An Obama FCC might mean still more steps toward reregulation. Coming on the heels of Martin's commission, it could also mean a relative reprieve--even, in some areas, a move away from command and control. A lot depends on events, and a lot depends on which interest groups acquire the most influence in his administration. Here are four factions to keep an eye on.

The Players

The idealists. There is a loose coalition on the left that calls itself the media reform movement. Its members are rarely the most powerful people in the room, but they inevitably shout the loudest. They gather in public-interest groups--Free Press, Public Knowledge, the Media Access Project-that cast themselves as populists fighting the major media corporations, which they accuse of centralizing power and shutting out dissident perspectives. In their more libertarian moments, they'll call for opening up more spectrum, loosening copyright controls, and rolling back culturally conservative restrictions on speech. Prominent reformers will also, alas, support a host of new economic regulations and speech controls.

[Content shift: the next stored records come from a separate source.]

(* Consider SEG: $X_{t+1/2}=X_t-\gamma F_t$, $X_{t+1}=X_t-\alpha\gamma F_{t+1/2}$, where $F_t=F(X_t)+U_t(X_t)$ and $F_{t+1/2}=F(X_{t+1/2})+U_{t+1/2}(X_{t+1/2})$. Let $F:\mathbb{R}^d\to\mathbb{R}^d$ be $L$-Lipschitz, let $x^*\in X^*=\{x:F(x)=0\}$ satisfy $\langle F(x),x-x^*\rangle\ge\mu\|x-x^*\|^2-\lambda$ for all $x$ (with $\lambda\ge0,\mu>0$), and assume the stochastic oracle assumptions of the context. Let $Z_t=F_{t+1/2}$ and $\mathrm{drift}_t=\gamma\,\mathbb{E}[\langle Z_t,X_t-x^*\rangle\mid\mathcal{F}_t]$. If $0<\gamma<\frac1{2\mu+\sqrt3L}$, then $$-\mathrm{drift}_t\le-\frac{\mu\gamma}{2}\|X_t-x^*\|^2+(\gamma\lambda+3\gamma^2\sigma^2).$$
   Context: Stochastic oracle: noise fields are i.i.d. random fields; filtration $(\mathcal{F}_t)$ (history of the iterates) with $\mathcal{F}_{t+1/2}=\mathcal{F}_t$; $U_t(X_t)$ is $\mathcal{F}_{t+1}$- but not $\mathcal{F}_t$-measurable; $\mathbb{E}[U_t(x)\mid\mathcal{F}_t]=0$ and $\mathbb{E}[\|U_t(x)\|^2\mid\mathcal{F}_t]\le\sigma^2$ for all $x$ (and likewise for $U_{t+1/2}$). *)

theory Defs
  imports "HOL-Probability.Probability"
begin

definition seg_half :: "('v::real_vector \<Rightarrow> 'v) \<Rightarrow> real \<Rightarrow> 'v \<Rightarrow> 'v \<Rightarrow> 'v" where
  "seg_half F \<gamma> x u = x - \<gamma> *\<^sub>R (F x + u)"

end

theory Submission
  imports Defs
begin

(* Let y = x - gamma (F x + u) be the extrapolated point and e = x - xs. Writing
   e = (y - xs) + gamma (F x + u), weak monotonicity at y and the Lipschitz bound on F y - F x
   give a lower bound for <F y, e> that is quadratic in the noise u. The second noise U2 is
   evaluated at y but has mean zero for every point, so by Fubini it drops out of the
   expectation; averaging over U1 then kills the terms linear in u and leaves
   mu |e - gamma F x|^2 + gamma (1 - L gamma) |F x|^2 + (mu - L) gamma^2 E|u|^2 - lam.
   Since gamma (mu + L) <= 1, the |F x|^2 terms pay for |a - b|^2 >= |a|^2/2 - |b|^2, and
   L gamma <= 1 bounds the noise term by gamma sigma^2. *)

lemma (in finite_measure) lipschitz_on_UNIV_integrable_comp:
  fixes F :: "'c::{banach, second_countable_topology} \<Rightarrow> 'd::{banach, second_countable_topology}"
  assumes lip: "L-lipschitz_on UNIV F" and Z: "integrable M Z"
  shows "integrable M (\<lambda>\<omega>. F (Z \<omega>))"
proof (rule Bochner_Integration.integrable_bound)
  show "integrable M (\<lambda>\<omega>. norm (F 0) + L * norm (Z \<omega>))"
    using Z by auto
  have "F \<in> borel_measurable borel"
    using lipschitz_on_continuous_on[OF lip] by (rule borel_measurable_continuous_onI)
  then show "(\<lambda>\<omega>. F (Z \<omega>)) \<in> borel_measurable M"
    using borel_measurable_integrable[OF Z] by measurable
  have "norm (F z) \<le> norm (F 0) + L * norm z" for z
    using lipschitz_on_normD[OF lip, of z 0] norm_triangle_sub[of "F z" "F 0"] by simp
  then show "AE \<omega> in M. norm (F (Z \<omega>)) \<le> norm (norm (F 0) + L * norm (Z \<omega>))"
    using lipschitz_on_nonneg[OF lip] by (intro AE_I2) (smt (verit) norm_ge_zero real_norm_def)
qed

lemma (in prob_space) integral_norm_le_second_moment:
  fixes f :: "'a \<Rightarrow> 'b::{banach, second_countable_topology}"
  assumes "integrable M f" and "integrable M (\<lambda>\<omega>. (norm (f \<omega>))\<^sup>2)"
  shows "(\<integral>\<omega>. norm (f \<omega>) \<partial>M) \<le> (1 + (\<integral>\<omega>. (norm (f \<omega>))\<^sup>2 \<partial>M)) / 2"
proof -
  have "(\<integral>\<omega>. norm (f \<omega>) \<partial>M) \<le> (\<integral>\<omega>. (1 + (norm (f \<omega>))\<^sup>2) / 2 \<partial>M)"
  proof (rule integral_mono)
    fix \<omega>
    have "0 \<le> (norm (f \<omega>) - 1)\<^sup>2" by simp
    then show "norm (f \<omega>) \<le> (1 + (norm (f \<omega>))\<^sup>2) / 2"
      by (simp add: power2_eq_square algebra_simps)
  qed (use assms in auto)
  also have "\<dots> = (1 + (\<integral>\<omega>. (norm (f \<omega>))\<^sup>2 \<partial>M)) / 2"
    using assms(2) by (simp add: prob_space)
  finally show ?thesis .
qed

lemma (in prob_space) integral_norm_add_scaleR_mean_zero_sq:
  fixes U :: "'a \<Rightarrow> 'v::{real_inner, banach, second_countable_topology}"
  assumes U_int: "integrable M U" and U_mean: "(\<integral>\<omega>. U \<omega> \<partial>M) = 0"
    and U_sq_int: "integrable M (\<lambda>\<omega>. (norm (U \<omega>))\<^sup>2)"
  shows "integrable M (\<lambda>\<omega>. (norm (a + c *\<^sub>R U \<omega>))\<^sup>2)"
    and "(\<integral>\<omega>. (norm (a + c *\<^sub>R U \<omega>))\<^sup>2 \<partial>M) = (norm a)\<^sup>2 + c\<^sup>2 * (\<integral>\<omega>. (norm (U \<omega>))\<^sup>2 \<partial>M)"
proof -
  have expand: "(norm (a + c *\<^sub>R U \<omega>))\<^sup>2 = (norm a)\<^sup>2 + 2 * c * inner a (U \<omega>) + c\<^sup>2 * (norm (U \<omega>))\<^sup>2" for \<omega>
    using dot_norm[of a "c *\<^sub>R U \<omega>"] by (simp add: power_mult_distrib)
  show "integrable M (\<lambda>\<omega>. (norm (a + c *\<^sub>R U \<omega>))\<^sup>2)"
    unfolding expand using U_int U_sq_int by auto
  show "(\<integral>\<omega>. (norm (a + c *\<^sub>R U \<omega>))\<^sup>2 \<partial>M) = (norm a)\<^sup>2 + c\<^sup>2 * (\<integral>\<omega>. (norm (U \<omega>))\<^sup>2 \<partial>M)"
    unfolding expand using U_int U_sq_int U_mean by (simp add: prob_space)
qed

lemma (in pair_prob_space) integral_add_mean_zero_field:
  fixes V :: "'b \<Rightarrow> 'c \<Rightarrow> 'e::{banach, second_countable_topology}"
  assumes V_meas: "(\<lambda>(\<omega>, y). V \<omega> y) \<in> borel_measurable (M2 \<Otimes>\<^sub>M N)"
    and V_int: "\<And>y. y \<in> space N \<Longrightarrow> integrable M2 (\<lambda>\<omega>. V \<omega> y)"
    and V_mean: "\<And>y. y \<in> space N \<Longrightarrow> (\<integral>\<omega>. V \<omega> y \<partial>M2) = 0"
    and V_norm: "\<And>y. y \<in> space N \<Longrightarrow> (\<integral>\<omega>. norm (V \<omega> y) \<partial>M2) \<le> B"
    and Y: "Y \<in> measurable M1 N" and G: "integrable M1 G"
  shows "integrable (M1 \<Otimes>\<^sub>M M2) (\<lambda>(\<omega>1, \<omega>2). G \<omega>1 + V \<omega>2 (Y \<omega>1))"
    and "(\<integral>(\<omega>1, \<omega>2). G \<omega>1 + V \<omega>2 (Y \<omega>1) \<partial>(M1 \<Otimes>\<^sub>M M2)) = integral\<^sup>L M1 G"
proof -
  define h where "h = (\<lambda>(\<omega>1, \<omega>2). G \<omega>1 + V \<omega>2 (Y \<omega>1))"
  have [measurable]: "G \<in> borel_measurable M1"
    using G by (rule borel_measurable_integrable)
  have "(\<lambda>p. (\<lambda>(\<omega>, y). V \<omega> y) (snd p, Y (fst p))) \<in> borel_measurable (M1 \<Otimes>\<^sub>M M2)"
    by (rule measurable_compose[OF _ V_meas]) (use Y in measurable)
  then have h_meas [measurable]: "h \<in> borel_measurable (M1 \<Otimes>\<^sub>M M2)"
    unfolding h_def by (simp add: split_beta')
  have Y_space: "Y \<omega>1 \<in> space N" if "\<omega>1 \<in> space M1" for \<omega>1
    using measurable_space[OF Y that] .
  have section_int: "integrable M2 (\<lambda>\<omega>2. h (\<omega>1, \<omega>2))" if "\<omega>1 \<in> space M1" for \<omega>1
    using V_int[OF Y_space[OF that]] by (simp add: h_def)
  have section_integral: "(\<integral>\<omega>2. h (\<omega>1, \<omega>2) \<partial>M2) = G \<omega>1" if "\<omega>1 \<in> space M1" for \<omega>1
    using V_int[OF Y_space[OF that]] V_mean[OF Y_space[OF that]] by (simp add: h_def M2.prob_space)
  show h_int: "integrable (M1 \<Otimes>\<^sub>M M2) h"
  proof (rule Fubini_integrable[OF h_meas])
    show "integrable M1 (\<lambda>\<omega>1. \<integral>\<omega>2. norm (h (\<omega>1, \<omega>2)) \<partial>M2)"
    proof (rule Bochner_Integration.integrable_bound)
      show "integrable M1 (\<lambda>\<omega>1. norm (G \<omega>1) + B)"
        using G by auto
      show "AE \<omega>1 in M1. norm (\<integral>\<omega>2. norm (h (\<omega>1, \<omega>2)) \<partial>M2) \<le> norm (norm (G \<omega>1) + B)"
      proof (rule AE_I2)
        fix \<omega>1 assume \<omega>1: "\<omega>1 \<in> space M1"
        have "(\<integral>\<omega>2. norm (h (\<omega>1, \<omega>2)) \<partial>M2) \<le> (\<integral>\<omega>2. norm (G \<omega>1) + norm (V \<omega>2 (Y \<omega>1)) \<partial>M2)"
          using section_int[OF \<omega>1] V_int[OF Y_space[OF \<omega>1]]
          by (intro integral_mono) (auto simp: h_def norm_triangle_ineq)
        also have "\<dots> \<le> norm (G \<omega>1) + B"
          using V_int[OF Y_space[OF \<omega>1]] V_norm[OF Y_space[OF \<omega>1]] by (simp add: M2.prob_space)
        finally show "norm (\<integral>\<omega>2. norm (h (\<omega>1, \<omega>2)) \<partial>M2) \<le> norm (norm (G \<omega>1) + B)"
          by simp
      qed
    qed measurable
    show "AE \<omega>1 in M1. integrable M2 (\<lambda>\<omega>2. h (\<omega>1, \<omega>2))"
      using section_int by (rule AE_I2)
  qed
  show "integral\<^sup>L (M1 \<Otimes>\<^sub>M M2) h = integral\<^sup>L M1 G"
    using integral_fst'[OF h_int] section_integral by (simp cong: Bochner_Integration.integral_cong)
qed

lemma (in pair_prob_space) integral_inner_add_mean_zero_field:
  fixes V :: "'b \<Rightarrow> 'c \<Rightarrow> 'e::{real_inner, banach, second_countable_topology}"
  assumes V_meas: "(\<lambda>(\<omega>, y). V \<omega> y) \<in> borel_measurable (M2 \<Otimes>\<^sub>M N)"
    and V_int: "\<And>y. y \<in> space N \<Longrightarrow> integrable M2 (\<lambda>\<omega>. V \<omega> y)"
    and V_mean: "\<And>y. y \<in> space N \<Longrightarrow> (\<integral>\<omega>. V \<omega> y \<partial>M2) = 0"
    and V_norm: "\<And>y. y \<in> space N \<Longrightarrow> (\<integral>\<omega>. norm (V \<omega> y) \<partial>M2) \<le> B"
    and Y: "Y \<in> measurable M1 N" and G: "integrable M1 G"
  shows "(\<integral>(\<omega>1, \<omega>2). inner (G \<omega>1 + V \<omega>2 (Y \<omega>1)) e \<partial>(M1 \<Otimes>\<^sub>M M2)) = (\<integral>\<omega>. inner (G \<omega>) e \<partial>M1)"
  using integral_add_mean_zero_field[OF assms] G by (simp add: split_beta')

lemma norm_diff_sq_ge:
  fixes a b :: "'v::real_normed_vector"
  shows "(norm a)\<^sup>2 / 2 - (norm b)\<^sup>2 \<le> (norm (a - b))\<^sup>2"
proof -
  have "norm a \<le> norm (a - b) + norm b"
    using norm_triangle_sub[of a b] by simp
  then have "(norm a)\<^sup>2 \<le> (norm (a - b) + norm b)\<^sup>2"
    by (simp add: power_mono)
  also have "\<dots> \<le> 2 * (norm (a - b))\<^sup>2 + 2 * (norm b)\<^sup>2"
    using sum_squares_bound[of "norm (a - b)" "norm b"] by (simp add: power2_sum)
  finally show ?thesis by simp
qed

Some members of the movement, such as the communications historian Robert McChesney, prefer to stress the reregulation. In his 2008 book The Political Economy of Media, McChesney goes so far as to describe "private ownership of media" as one of "the primary internal impediments to a viable free press" Other reformers, such as the legal scholars Lawrence Lessig and Tim Wu, aren't so statist; even when they call for new controls, they say they prefer broad and simple rules aimed at encouraging innovation, not diktats meant to force a specific outcome. "We need to radically carve back on the scope and reach of what the FCC is doing," Lessig says, "not to the world of no regulation, but to the world of regulation for the objective of facilitating proper competition, not protecting against competition."

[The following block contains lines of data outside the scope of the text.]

lemma coordinate_section_permutes:
  assumes fin: "finite A" and perm: "f permutes cube A n" and i: "i < n" and j: "j < n"
    and c: "c \<in> cube A n"
    and reads: "\<And>x y. x \<in> cube A n \<Longrightarrow> y \<in> cube A n \<Longrightarrow> x j = y j \<Longrightarrow> f x i = f y i"
  shows "(\<lambda>a. if a \<in> A then f (c(j := a)) i else a) permutes A"
proof -
  let ?\<sigma> = "\<lambda>a. if a \<in> A then f (c(j := a)) i else a"
  have maps: "?\<sigma> ` A \<subseteq> A"
  proof
    fix b assume "b \<in> ?\<sigma> ` A"
    then obtain a where a: "a \<in> A" and b: "b = f (c(j := a)) i"
      by auto
    have "f (c(j := a)) \<in> cube A n"
      using permutes_in_image[OF perm] cube_fun_upd[OF c a j] by simp
    with b i show "b \<in> A"
      by (simp add: mem_cube_iff)
  qed
  have onto: "A \<subseteq> ?\<sigma> ` A"
  proof
    fix b assume b: "b \<in> A"
    define x where "x = inv f (c(i := b))"
    have x: "x \<in> cube A n" and fx: "f x = c(i := b)"
      using permutes_in_image[OF permutes_inv[OF perm]] permutes_inverses(1)[OF perm]
        cube_fun_upd[OF c b i] by (auto simp: x_def)
    have xj: "x j \<in> A"
      using x j by (simp add: mem_cube_iff)
    then have "f (c(j := x j)) i = f x i"
      using reads[of "c(j := x j)" x] cube_fun_upd[OF c _ j] x by simp
    then show "b \<in> ?\<sigma> ` A"
      using fx xj by force
  qed
  have "bij_betw ?\<sigma> A A"
    using finite_surj_inj[OF fin onto] maps onto by (auto simp: bij_betw_def)
  then show ?thesis
    by (rule bij_imp_permutes) simp
qed

lemma unary_permE:
  assumes two: "card A \<ge> 2" and f: "f \<in> unary_perms A n"
  obtains \<pi> where "\<pi> permutes {..<n}"
    and "\<And>i x y. i < n \<Longrightarrow> x \<in> cube A n \<Longrightarrow> y \<in> cube A n \<Longrightarrow>
      x (\<pi> i) = y (\<pi> i) \<Longrightarrow> f x i = f y i"
proof -
  have perm: "f permutes cube A n"
    using f by (simp add: unary_perms_def sym_cube_def)
  from f have "\<forall>i\<in>{..<n}. \<exists>j. j < n \<and>
      (\<forall>x\<in>cube A n. \<forall>y\<in>cube A n. x j = y j \<longrightarrow> f x i = f y i)"
    by (simp add: unary_perms_def)
  then obtain \<pi>\<^sub>0 where \<pi>\<^sub>0: "\<forall>i\<in>{..<n}. \<pi>\<^sub>0 i < n \<and>
      (\<forall>x\<in>cube A n. \<forall>y\<in>cube A n. x (\<pi>\<^sub>0 i) = y (\<pi>\<^sub>0 i) \<longrightarrow> f x i = f y i)"
    by (metis bchoice)
  define \<pi> where "\<pi> i = (if i < n then \<pi>\<^sub>0 i else i)" for i
  have reads: "f x i = f y i"
    if "i < n" "x \<in> cube A n" "y \<in> cube A n" "x (\<pi> i) = y (\<pi> i)" for i x y
  proof -
    have "x (\<pi>\<^sub>0 i) = y (\<pi>\<^sub>0 i)"
      using that by (simp add: \<pi>_def)
    with that \<pi>\<^sub>0 show ?thesis
      by blast
  qed
  have onto: "{..<n} \<subseteq> \<pi> ` {..<n}"
    by (rule permutes_cube_reads_every_coordinate[OF two perm reads])
  moreover have "\<pi> ` {..<n} \<subseteq> {..<n}"
    using \<pi>\<^sub>0 unfolding \<pi>_def by force
  ultimately have "\<pi> permutes {..<n}"
    using finite_surj_inj[OF _ onto]
    by (intro bij_imp_permutes) (auto simp: bij_betw_def \<pi>_def)
  with reads that show ?thesis
    by blast
qed

lemma unary_perms_subset_wreath_perms:
  assumes fin: "finite A" and two: "card A \<ge> 2"
  shows "unary_perms A n \<subseteq> wreath_perms A n"
proof
  fix f assume f: "f \<in> unary_perms A n"
  then have perm: "f permutes cube A n"
    by (simp add: unary_perms_def sym_cube_def)
  obtain \<pi> where \<pi>: "\<pi> permutes {..<n}"
    and reads: "\<And>i x y. i < n \<Longrightarrow> x \<in> cube A n \<Longrightarrow> y \<in> cube A n \<Longrightarrow>
      x (\<pi> i) = y (\<pi> i) \<Longrightarrow> f x i = f y i"
    by (rule unary_permE[OF two f]) blast
  have \<pi>_less: "\<pi> i < n" if "i < n" for i
    using permutes_in_image[OF \<pi>] that by simp
  obtain c where c: "c \<in> cube A n"
    using cube_nonempty[of A n] two by fastforce
  define \<sigma> where "\<sigma> i = (\<lambda>a. if a \<in> A then f (c(\<pi> i := a)) i else a)" for i
  have \<sigma>_perm: "\<sigma> i permutes A" if "i < n" for i
    unfolding \<sigma>_def
    by (rule coordinate_section_permutes[OF fin perm that \<pi>_less[OF that] c reads[OF that]])
  have coord: "f x i = \<sigma> i (x (\<pi> i))" if x: "x \<in> cube A n" and i: "i < n" for x i
  proof -
    have "x (\<pi> i) \<in> A"
      using x \<pi>_less[OF i] by (simp add: mem_cube_iff)
    then show ?thesis
      using reads[OF i x, of "c(\<pi> i := x (\<pi> i))"] cube_fun_upd[OF c _ \<pi>_less[OF i]]
      by (simp add: \<sigma>_def)
  qed
  have "f x = (if x \<in> cube A n
      then (\<lambda>i. if i < n then \<sigma> i (x (\<pi> i)) else undefined) else x)" for x
  proof (cases "x \<in> cube A n")
    case True
    moreover have "f x \<in> cube A n"
      using True permutes_in_image[OF perm] by simp
    ultimately show ?thesis
      using coord[OF True] by (auto simp: fun_eq_iff mem_cube_iff)
  next
    case False
    then show ?thesis
      using permutes_not_in[OF perm] by auto
  qed
  with \<pi> \<sigma>_perm show "f \<in> wreath_perms A n"
    unfolding wreath_perms_def by blast
qed

lemma wreath_perm_conj_instruction:
  assumes fin: "finite A" and f: "f \<in> wreath_perms A n" and g: "g \<in> instructions A n"
  shows "inv f \<circ> g \<circ> f \<in> instructions A n"
proof -
  obtain \<pi> \<sigma> where \<pi>: "\<pi> permutes {..<n}" and \<sigma>: "\<And>i. i < n \<Longrightarrow> \<sigma> i permutes A"
    and coord: "\<And>x i. x \<in> cube A n \<Longrightarrow> i < n \<Longrightarrow> f x i = \<sigma> i (x (\<pi> i))"
    and perm: "f permutes cube A n"
    by (rule wreath_permsE[OF fin f]) blast
  obtain m where g_perm: "g permutes cube A n"
    and g_moves: "\<And>z. z \<in> cube A n \<Longrightarrow> agree_off n m (g z) z"
    using g by (auto simp: instructions_iff)
  let ?h = "inv f \<circ> g \<circ> f"
  have h_perm: "?h permutes cube A n"
    by (intro permutes_compose perm g_perm permutes_inv)
  have "agree_off n (\<pi> m) (?h x) x" if x: "x \<in> cube A n" for x
    unfolding agree_off_def
  proof (intro allI impI)
    fix l assume l: "l < n" "l \<noteq> \<pi> m"
    then obtain i where i: "i < n" "\<pi> i = l" "i \<noteq> m"
      using permutes_image[OF \<pi>] by (metis imageE lessThan_iff)
    have hx: "?h x \<in> cube A n" and fx: "f x \<in> cube A n"
      using x permutes_in_image[OF h_perm] permutes_in_image[OF perm] by auto
    have "\<sigma> i (?h x l) = f (?h x) i"
      using coord[OF hx i(1)] i(2) by simp
    also have "\<dots> = g (f x) i"
      by (simp add: permutes_inverses(1)[OF perm])
    also have "\<dots> = f x i"
      using g_moves[OF fx] i by (auto simp: agree_off_def)
    also have "\<dots> = \<sigma> i (x l)"
      using coord[OF x i(1)] i(2) by simp
    finally have "\<sigma> i (?h x l) = \<sigma> i (x l)" .
    then show "?h x l = x l"
      using permutes_inj[OF \<sigma>[OF i(1)]] by (simp add: inj_eq)
  qed
  with h_perm show ?thesis
    by (auto simp: instructions_iff)
qed

lemma conj_inv_closed:
  assumes S: "finite S" and perm: "f permutes X"
    and closed: "\<And>g. g \<in> S \<Longrightarrow> inv f \<circ> g \<circ> f \<in> S" and h: "h \<in> S"
  shows "f \<circ> h \<circ> inv f \<in> S"
proof -
  define conj where "conj g = inv f \<circ> g \<circ> f" for g :: "'a \<Rightarrow> 'a"
  have undo: "f \<circ> conj g \<circ> inv f = g" for g
    by (simp add: conj_def fun_eq_iff permutes_inverses[OF perm])
  then have "inj_on conj S"
    by (metis inj_onI)
  moreover have "conj ` S \<subseteq> S"
    using closed by (auto simp: conj_def)
  ultimately have "conj ` S = S"
    using endo_inj_surj[OF S] by blast
  then obtain g where "g \<in> S" "h = conj g"
    using h by force
  then show ?thesis
    using undo by simp
qed

lemma normaliser_double_transposition:
  assumes perm: "f permutes cube A n"
    and normalises: "\<And>h. h \<in> instructions A n \<Longrightarrow> f \<circ> h \<circ> inv f \<in> instructions A n"
    and cube: "x \<in> cube A n" "y \<in> cube A n" "x' \<in> cube A n" "y' \<in> cube A n"
    and lines: "agree_off n m x y" "agree_off n m x' y'"
    and distinct: "x \<noteq> y" "x' \<noteq> y'" "{x, y} \<inter> {x', y'} = {}"
  shows "\<exists>k. agree_off n k (f x) (f y) \<and> agree_off n k (f x') (f y')"
proof -
  let ?h = "transpose x y \<circ> transpose x' y'"
  have "?h permutes cube A n"
    using cube by (intro permutes_compose permutes_swap_id)
  moreover have "agree_off n m (?h z) z" for z
    using lines agree_off_transpose agree_off_trans by (metis comp_apply)
  ultimately have "?h \<in> instructions A n"
    by (auto simp: instructions_iff)
  then have "f \<circ> ?h \<circ> inv f \<in> instructions A n"
    by (rule normalises)
  then obtain k where k: "\<And>z. z \<in> cube A n \<Longrightarrow> agree_off n k ((f \<circ> ?h \<circ> inv f) z) z"
    unfolding instructions_iff by blast
  have "?h x = y" "?h x' = y'"
    using distinct by (auto simp: transpose_def)
  then have "(f \<circ> ?h \<circ> inv f) (f x) = f y" "(f \<circ> ?h \<circ> inv f) (f x') = f y'"
    by (simp_all add: permutes_inverses(2)[OF perm])
  moreover have "f x \<in> cube A n" "f x' \<in> cube A n"
    using cube permutes_in_image[OF perm] by auto
  ultimately have "agree_off n k (f y) (f x)" "agree_off n k (f y') (f x')"
    using k by metis+
  then show ?thesis
    using agree_off_sym by blast
qed

lemma normaliser_direction_transfer:
  assumes perm: "f permutes cube A n"
    and normalises: "\<And>h. h \<in> instructions A n \<Longrightarrow> f \<circ> h \<circ> inv f \<in> instructions A n"
    and ref: "p \<in> cube A n" "q \<in> cube A n" "agree_off n m p q" "p \<noteq> q"
      "agree_off n k (f p) (f q)"
    and xy: "x \<in> cube A n" "y \<in> cube A n" "agree_off n m x y" "x \<noteq> y"
      "{x, y} \<inter> {p, q} = {}"
  shows "agree_off n k (f x) (f y)"
proof -
  obtain k' where k'_xy: "agree_off n k' (f x) (f y)" and k'_pq: "agree_off n k' (f p) (f q)"
    using normaliser_double_transposition[OF perm normalises xy(1,2) ref(1,2) xy(3) ref(3)
        xy(4) ref(4) xy(5)] by blast
  have "f p \<in> cube A n" "f q \<in> cube A n"
    using ref permutes_in_image[OF perm] by auto
  moreover have "f p \<noteq> f q"
    using ref(4) permutes_inj[OF perm] by (simp add: inj_eq)
  ultimately have "k' = k"
    using agree_off_unique k'_pq ref(5) by blast
  with k'_xy show ?thesis
    by simp
qed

Lessig has met with Obama to discuss technology policy, and while he has his disagreements with the candidate--he didn't appreciate Obama's vote this year to give telecom companies retroactive immunity for illegally assisting government spies--he strongly supports the Democratic ticket. From the other end of the coalition, McChesney told the National Conference for Media Reform in June: "Our job doesn't end if he's elected. It begins. But at least we're in play."